* **Required work**: Copy every line of the entries that includes the word "where".

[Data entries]
Start of Block

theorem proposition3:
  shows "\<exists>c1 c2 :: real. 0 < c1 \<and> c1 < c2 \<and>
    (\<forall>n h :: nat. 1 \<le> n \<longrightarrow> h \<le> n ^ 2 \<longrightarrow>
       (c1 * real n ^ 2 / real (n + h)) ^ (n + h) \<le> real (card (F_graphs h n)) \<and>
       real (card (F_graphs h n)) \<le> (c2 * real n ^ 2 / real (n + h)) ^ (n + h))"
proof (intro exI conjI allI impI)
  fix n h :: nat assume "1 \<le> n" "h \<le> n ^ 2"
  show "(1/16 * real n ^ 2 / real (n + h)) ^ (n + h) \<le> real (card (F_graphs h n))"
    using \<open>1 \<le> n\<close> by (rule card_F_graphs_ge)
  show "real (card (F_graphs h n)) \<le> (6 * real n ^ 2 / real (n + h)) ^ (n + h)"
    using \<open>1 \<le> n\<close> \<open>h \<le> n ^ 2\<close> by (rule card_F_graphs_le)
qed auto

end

End of Block
Start of Block

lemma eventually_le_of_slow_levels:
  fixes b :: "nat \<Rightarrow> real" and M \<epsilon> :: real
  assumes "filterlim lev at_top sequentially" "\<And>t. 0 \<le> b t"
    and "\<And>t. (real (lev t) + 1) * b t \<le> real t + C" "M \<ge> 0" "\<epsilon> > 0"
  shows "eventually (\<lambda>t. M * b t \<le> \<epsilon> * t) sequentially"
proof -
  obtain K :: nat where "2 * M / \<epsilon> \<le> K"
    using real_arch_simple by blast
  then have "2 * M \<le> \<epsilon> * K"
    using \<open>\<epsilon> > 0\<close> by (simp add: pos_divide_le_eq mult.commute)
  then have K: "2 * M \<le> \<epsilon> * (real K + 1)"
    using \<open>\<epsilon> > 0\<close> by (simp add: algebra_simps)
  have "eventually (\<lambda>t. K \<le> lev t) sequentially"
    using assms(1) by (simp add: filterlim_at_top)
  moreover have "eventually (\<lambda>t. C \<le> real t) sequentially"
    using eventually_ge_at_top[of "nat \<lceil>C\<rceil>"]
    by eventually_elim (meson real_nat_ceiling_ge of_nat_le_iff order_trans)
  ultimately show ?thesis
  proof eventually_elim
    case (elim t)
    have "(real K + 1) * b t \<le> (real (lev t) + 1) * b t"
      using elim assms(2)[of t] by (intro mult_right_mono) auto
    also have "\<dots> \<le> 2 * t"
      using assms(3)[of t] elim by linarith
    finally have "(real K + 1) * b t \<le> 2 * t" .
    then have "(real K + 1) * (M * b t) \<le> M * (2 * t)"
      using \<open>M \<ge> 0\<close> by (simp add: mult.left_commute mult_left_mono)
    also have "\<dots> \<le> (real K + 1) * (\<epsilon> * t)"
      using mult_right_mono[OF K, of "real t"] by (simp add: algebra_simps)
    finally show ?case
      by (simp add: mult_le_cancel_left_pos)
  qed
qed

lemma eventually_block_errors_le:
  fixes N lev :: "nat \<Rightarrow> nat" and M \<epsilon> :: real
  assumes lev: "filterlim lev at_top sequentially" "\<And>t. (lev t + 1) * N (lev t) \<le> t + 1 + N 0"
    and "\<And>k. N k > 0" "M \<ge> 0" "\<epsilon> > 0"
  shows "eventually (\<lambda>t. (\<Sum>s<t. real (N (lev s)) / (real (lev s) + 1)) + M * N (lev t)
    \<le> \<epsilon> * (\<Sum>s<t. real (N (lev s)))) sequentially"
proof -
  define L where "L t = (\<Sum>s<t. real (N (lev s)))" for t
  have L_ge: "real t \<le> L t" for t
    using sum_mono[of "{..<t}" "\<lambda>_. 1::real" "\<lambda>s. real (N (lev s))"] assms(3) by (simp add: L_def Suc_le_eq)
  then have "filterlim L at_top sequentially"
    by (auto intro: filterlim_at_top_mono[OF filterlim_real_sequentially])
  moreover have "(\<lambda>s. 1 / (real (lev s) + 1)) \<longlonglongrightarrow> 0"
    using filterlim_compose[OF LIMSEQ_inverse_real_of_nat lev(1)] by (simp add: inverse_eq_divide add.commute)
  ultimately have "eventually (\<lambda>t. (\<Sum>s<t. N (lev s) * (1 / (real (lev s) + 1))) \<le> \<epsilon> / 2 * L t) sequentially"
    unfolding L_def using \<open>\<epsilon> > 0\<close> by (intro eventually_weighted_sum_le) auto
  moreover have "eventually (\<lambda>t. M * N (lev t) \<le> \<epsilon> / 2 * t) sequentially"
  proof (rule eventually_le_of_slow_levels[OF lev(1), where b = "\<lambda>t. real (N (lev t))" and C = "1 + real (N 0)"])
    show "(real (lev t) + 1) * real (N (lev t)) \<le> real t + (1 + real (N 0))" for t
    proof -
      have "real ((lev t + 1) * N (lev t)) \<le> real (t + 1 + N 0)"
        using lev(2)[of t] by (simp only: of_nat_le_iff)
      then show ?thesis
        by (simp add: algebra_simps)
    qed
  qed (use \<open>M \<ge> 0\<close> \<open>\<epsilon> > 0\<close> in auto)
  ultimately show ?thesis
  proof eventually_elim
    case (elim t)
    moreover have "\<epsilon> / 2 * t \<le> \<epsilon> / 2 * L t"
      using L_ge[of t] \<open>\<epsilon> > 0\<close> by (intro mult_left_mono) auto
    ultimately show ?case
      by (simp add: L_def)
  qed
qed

End of Block

* **Your solution**:
  obtain K :: nat where "2 * M / \<epsilon> \<le> K"
  define L where "L t = (\<Sum>s<t. real (N (lev s)))" for t
  proof (rule eventually_le_of_slow_levels[OF lev(1), where b = "\<lambda>t. real (N (lev t))" and C = "1 + real (N 0)"])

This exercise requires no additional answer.